Studio Voltaire – established in Clapham over 20 years ago with a disused chapel for exhibition space and studios in a warehouse of semi-derelict workshops behind it – offers a whole different kind of model. Says Niamh Conneely, head of development and communications: ‘We have a private landlord who is incredibly philanthropic and supportive. We have just signed a new 25-year lease. They love what we do. They are especially interested in our education programmes… We work with all the community groups in the local estates. And we work with 12 local schools, and also universities. For the current show we’ve had the University of Utah come and visit… We work with Business Clapham, our local BID (Business Improvement District). They connect us with local causes.’
The 25-year lease has provided the impetus for a major new development improving and expanding facilities (see Studio Voltaire Case Study). Says Conneely: ‘At the moment our ambitions don’t fit our building. We have an incredibly leaky roof. Our artist studios have no heating; our storage is in the studios you can’t rent out… It’s just not the space it could be for the artists.’
Philanthropy goes a long way. But even philanthropists hit glitches (and they don’t live for ever). There is clearly more security when you design studio space as permanent assets in new neighbourhoods, as happened when the National Theatre of Scotland asked Hoskins Architects to adapt an abandoned Glasgow cash and carry warehouse into its own state-of-the-art rehearsal and production studio. It now has so much space it can run artist-in-residence programmes, and extensive community theatre events (see Rockvilla Case Study).
Meanwhile, arguably the most exciting manifestation of a local authority and developer committing to affordable studio space in London is taking shape in Hackney Wick, east London, a stone’s throw from the Queen Elizabeth Olympic Park. Long a hotbed of artistic activity with, allegedly, one of the highest concentrations of artists, designers and artisans in Europe, the rapidly emerging new neighbourhood of Fish Island Village (FIV) has extensive studio space and light industry embedded into the ground floor of 10 of its new buildings. Although 50 per cent of the development is funded via private, market-rate sales or rentals, the other 50 per cent has been structured to prioritise affordable living and working space. Masterplanners Haworth Tompkins has taken pains to ensure the buildings and the public realm create the kind of effortless connectivity that had flourished nearby in the artist communities, although director Graham Haworth admits there is only so much you can design in. He says: ‘The glory days of Fish Island when you could wander around at night and squat in a warehouse for six weeks have gone completely. Real creative people who value that kind of spirit are moving to places like Margate and Folkestone because it’s easier. I think it’s a real tragedy for the city.’
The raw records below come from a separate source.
lemma common_vector_if_eigenvalue_1:
  assumes "invertible S" and "is_eigenvalue (R ** matrix_inv S) 1"
  obtains w where "w \<noteq> 0" and "R *v w = S *v w"
proof -
  obtain v where v: "v \<noteq> 0" "(R ** matrix_inv S) *v v = v"
    using assms(2) unfolding is_eigenvalue_def by auto
  define w where "w = matrix_inv S *v v"
  have "S *v w = v"
    unfolding w_def matrix_vector_mul_assoc matrix_mul_matrix_inv_right[OF assms(1)] by simp
  moreover have "R *v w = v"
    using v(2) unfolding w_def matrix_vector_mul_assoc by simp
  moreover have "w \<noteq> 0"
    using \<open>S *v w = v\<close> v(1) by auto
  ultimately show thesis
    using that by simp
qed

lemma eigenvector_coordinates_nonzero:
  fixes R S :: "complex^2^2"
  assumes "R *v e1 = r1 *s e1" and "R *v e2 = r2 *s e2"
    and "w = a *s e1 + b *s e2" and "w \<noteq> 0" and "R *v w = S *v w"
    and "\<not> is_eigenvalue S r1" and "\<not> is_eigenvalue S r2"
  shows "a \<noteq> 0" and "b \<noteq> 0"
proof -
  have eigen_if_multiple: "is_eigenvalue S r" if "w = c *s e" "R *v e = r *s e" for c r e
    using that assms(4,5) unfolding is_eigenvalue_def
    by (metis vector_scalar_commute vector_smult_assoc mult.commute)
  show "a \<noteq> 0"
    using eigen_if_multiple[of b e2 r2] assms(2,3,7) by auto
  show "b \<noteq> 0"
    using eigen_if_multiple[of a e1 r1] assms(1,3,6) by auto
qed

lemma eigenline_configuration_distinct_on_circle:
  fixes u v :: "complex^2" and r1 r2 s1 s2 :: complex
  assumes "det2 u v \<noteq> 0"
    and "cmod r1 = 1" and "cmod r2 = 1" and "cmod s1 = 1" and "cmod s2 = 1"
    and "r1 \<noteq> r2" and "s1 \<noteq> s2" and "{r1, r2} \<inter> {s1, s2} = {}"
  defines "p \<equiv> (r1 - s2) *s u + (r2 - s2) *s v" and "q \<equiv> (r1 - s1) *s u + (r2 - s1) *s v"
  shows "cline u \<noteq> cline v \<and> cline u \<noteq> cline p \<and> cline u \<noteq> cline q \<and>
         cline v \<noteq> cline p \<and> cline v \<noteq> cline q \<and> cline p \<noteq> cline q \<and>
         on_circle_CP1 {cline u, cline v, cline p, cline q}"
proof -
  have differences_nonzero: "r1 - s1 \<noteq> 0" "r1 - s2 \<noteq> 0" "r2 - s1 \<noteq> 0" "r2 - s2 \<noteq> 0"
    using assms(8) by auto
  have "(r1 - s2) * (r2 - s1) - (r2 - s2) * (r1 - s1) = (r1 - r2) * (s2 - s1)"
    by (simp add: algebra_simps)
  with assms(6,7) have "(r1 - s2) * (r2 - s1) \<noteq> (r2 - s2) * (r1 - s1)"
    by auto
  moreover have "(r1 - s2) * (r2 - s1) / ((r2 - s2) * (r1 - s1)) \<in> \<real>"
    using cross_ratio_unit_circle_real[OF assms(2,3,5,4)] by (simp add: mult.commute)
  ultimately show ?thesis
    unfolding p_def q_def
    using cline_lincomb_pairwise_distinct[OF assms(1) differences_nonzero(2,4,1,3)]
      on_circle_CP1_lincomb[OF assms(1) differences_nonzero(2,4,1)]
    by blast
qed

theorem lemma22:
  fixes R S :: "complex^2^2" and r1 r2 s1 s2 :: complex
  assumes "invertible R" and "invertible S"
    and "diagonalizable2 R" and "diagonalizable2 S"
    and "{r. is_eigenvalue R r} = {r1, r2}"
    and "{s. is_eigenvalue S s} = {s1, s2}"
    and "cmod r1 = 1" and "cmod r2 = 1" and "cmod s1 = 1" and "cmod s2 = 1"
    and "r1 \<noteq> r2" and "s1 \<noteq> s2"
    and "{r1, r2} \<inter> {s1, s2} = {}"
    and "is_eigenvalue (R ** matrix_inv S) 1"
  shows "eigenspace2 R r1 \<noteq> eigenspace2 R r2 \<and>
         eigenspace2 R r1 \<noteq> eigenspace2 S s1 \<and>
         eigenspace2 R r1 \<noteq> eigenspace2 S s2 \<and>
         eigenspace2 R r2 \<noteq> eigenspace2 S s1 \<and>
         eigenspace2 R r2 \<noteq> eigenspace2 S s2 \<and>
         eigenspace2 S s1 \<noteq> eigenspace2 S s2 \<and>
         on_circle_CP1 {eigenspace2 R r1, eigenspace2 R r2,
                        eigenspace2 S s1, eigenspace2 S s2}"
proof -
  have eigenvalues: "is_eigenvalue R r1" "is_eigenvalue R r2" "is_eigenvalue S s1" "is_eigenvalue S s2"
    and spectra_disjoint: "\<not> is_eigenvalue R s1" "\<not> is_eigenvalue R s2"
      "\<not> is_eigenvalue S r1" "\<not> is_eigenvalue S r2"
    using assms(5,6,13) by (simp_all add: set_eq_iff) blast+
  obtain e1 e2 f1 f2 where
    e1: "R *v e1 = r1 *s e1" "e1 \<noteq> 0" and e2: "R *v e2 = r2 *s e2" "e2 \<noteq> 0" and
    f1: "S *v f1 = s1 *s f1" "f1 \<noteq> 0" and f2: "S *v f2 = s2 *s f2" "f2 \<noteq> 0"
    using eigenvalues unfolding is_eigenvalue_def by metis
  obtain w where "w \<noteq> 0" and Rw: "R *v w = S *v w"
    using common_vector_if_eigenvalue_1 assms(2,14) by blast
  with spectra_disjoint(1,2) have "S *v w \<noteq> s1 *s w" "S *v w \<noteq> s2 *s w"
    unfolding is_eigenvalue_def by metis+
  have "det2 e1 e2 \<noteq> 0"
    using det2_eigenvectors_nonzero[OF e1(1) e2(1) e1(2) e2(2) assms(11)] .
  then obtain a b where w: "w = a *s e1 + b *s e2"
    using lincomb_if_det2_nonzero by blast
  have "a \<noteq> 0" "b \<noteq> 0"
    using eigenvector_coordinates_nonzero[OF e1(1) e2(1) w \<open>w \<noteq> 0\<close> Rw spectra_disjoint(3,4)] .
  with \<open>det2 e1 e2 \<noteq> 0\<close> have "det2 (a *s e1) (b *s e2) \<noteq> 0"
    by (simp add: det2_def algebra_simps)
  have "eigenspace2 R r1 = cline (a *s e1)" "eigenspace2 R r2 = cline (b *s e2)"
    using eigenspace2_eq_cline[OF e1(1) e2(1) e1(2) e2(2)] eigenspace2_eq_cline[OF e2(1) e1(1) e2(2) e1(2)]
      assms(11) \<open>a \<noteq> 0\<close> \<open>b \<noteq> 0\<close> by (simp_all add: cline_smult)
  moreover have "eigenspace2 S s1 = cline (R *v w - s2 *s w)" "eigenspace2 S s2 = cline (R *v w - s1 *s w)"
    using eigenspace2_eq_cline_residual[OF f1(1) f2(1) f1(2) f2(2) assms(12) \<open>S *v w \<noteq> s2 *s w\<close>]
      eigenspace2_eq_cline_residual[OF f2(1) f1(1) f2(2) f1(2) _ \<open>S *v w \<noteq> s1 *s w\<close>] assms(12)
    by (simp_all add: Rw)
  moreover have "R *v w - s *s w = (r1 - s) *s (a *s e1) + (r2 - s) *s (b *s e2)" for s
    using matrix_vector_mult_eigen_lincomb[OF e1(1) e2(1), of a b s] by (simp add: w mult.commute)
  ultimately show ?thesis
    using eigenline_configuration_distinct_on_circle[OF \<open>det2 (a *s e1) (b *s e2) \<noteq> 0\<close> assms(7-13)]
    by simp
qed
lemma wsubst_weval:
  assumes "\<And>v. g v \<in> carrier free_alg" and "X \<in> carrier free_alg"
  shows "wsubst g (weval X P) = weval (wsubst g X) P"
  by (induction P) (use assms in \<open>simp_all add: weval_pCons wsubst_add wsubst_wscale wsubst_wmult\<close>)

lemma wpow_add_wscale_CHAR:
  fixes X :: "'v list \<Rightarrow> 'k::field"
  assumes "prime CHAR('k)"
  shows "wpow (X + c *\<^sub>w wd []) CHAR('k) = wpow X CHAR('k) + c ^ CHAR('k) *\<^sub>w wd []"
proof -
  have "[:c, 1:] ^ CHAR('k) = ([:c:] + [:0, 1:]) ^ CHAR('k)"
    by simp
  also have "\<dots> = [:c:] ^ CHAR('k) + [:0, 1:] ^ CHAR('k)"
    by (rule freshmans_dream) (simp_all add: assms)
  also have "\<dots> = [:c ^ CHAR('k):] + [:0, 1:] ^ CHAR('k)"
    by (simp add: poly_const_pow)
  finally have "weval X ([:c, 1:] ^ CHAR('k)) = weval X ([:c ^ CHAR('k):] + [:0, 1:] ^ CHAR('k))"
    by (rule arg_cong)
  moreover have "weval X [:c, 1:] = X + c *\<^sub>w wd []"
    by (simp add: weval_pCons weval_const fun_eq_iff fun_apply_simps)
  ultimately show ?thesis
    by (simp add: weval_power weval_add weval_const weval_monom1 add.commute)
qed


section \<open>The prime subfield and Lagrange interpolation\<close>

lemma of_nat_power_CHAR:
  assumes "prime CHAR('k::comm_semiring_1)"
  shows "(of_nat n :: 'k) ^ CHAR('k) = of_nat n"
proof (induction n)
  case (Suc n)
  have "(of_nat (Suc n) :: 'k) ^ CHAR('k) = (1 + of_nat n) ^ CHAR('k)"
    by simp
  also have "\<dots> = 1 + of_nat n"
    using assms Suc.IH by (simp add: freshmans_dream)
  finally show ?case
    by simp
qed (use prime_gt_0_nat[OF assms] in \<open>simp add: power_0_left\<close>)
Building a creative community from scratch is a process ‘fraught with jeopardy,’ he admits: ‘Get the wrong people in or start charging too much, and it could all go wrong. Lots of things need to work organically and properly. You can’t legislate for it to be successful.’ But what FIV has going for it is an organisation that will manage and programme the studio tenancies – The Trampery – and social housing provider Peabody as one of the developers. ‘We’ve two pretty good institutions there who can help set things off on the right footing,’ says Haworth.
Case study 1:
Craft Central
Having occupied two Peabody-esque buildings in Clerkenwell for decades, arts charity Craft Central got lucky when it was offered a near derelict forge, the Millwall Ironworks on the Isle of Dogs, in May 2017. ‘It was part of a big industrial complex, most of which had been knocked down, but someone had stopped this one being demolished by getting it listed,’ says chairman Sue Webb. The Forge’s Grade II listing meant that architects Emrys, working closely with iSpace Corporate Interiors, had to deploy the lightest of touches in inserting studio spaces into the unusual brick frame, with its Y-shaped metal supports that run the length of the building. Huge metal plates used to be forged here, for use in the shipbuilding yard across the way, and that industrial heritage is writ large in the various pieces of artfully rusting machinery that crop up along walls and roof structures. The listing meant that none of the brick structure could be interfered with, so Emrys has inserted a freestanding, two-storey birch structure, with studios on the ground and first floor. This structure is split into two sections with a corridor along the middle, and circulation space around the entire perimeter. At the far end there is a self-service cafe, whose big wooden picnic tables are well used by both artists and visitors at Craft Central’s multiple events and fairs. The front of the birch structure integrates steps to first-floor studios with bleacher seating, providing a natural auditorium.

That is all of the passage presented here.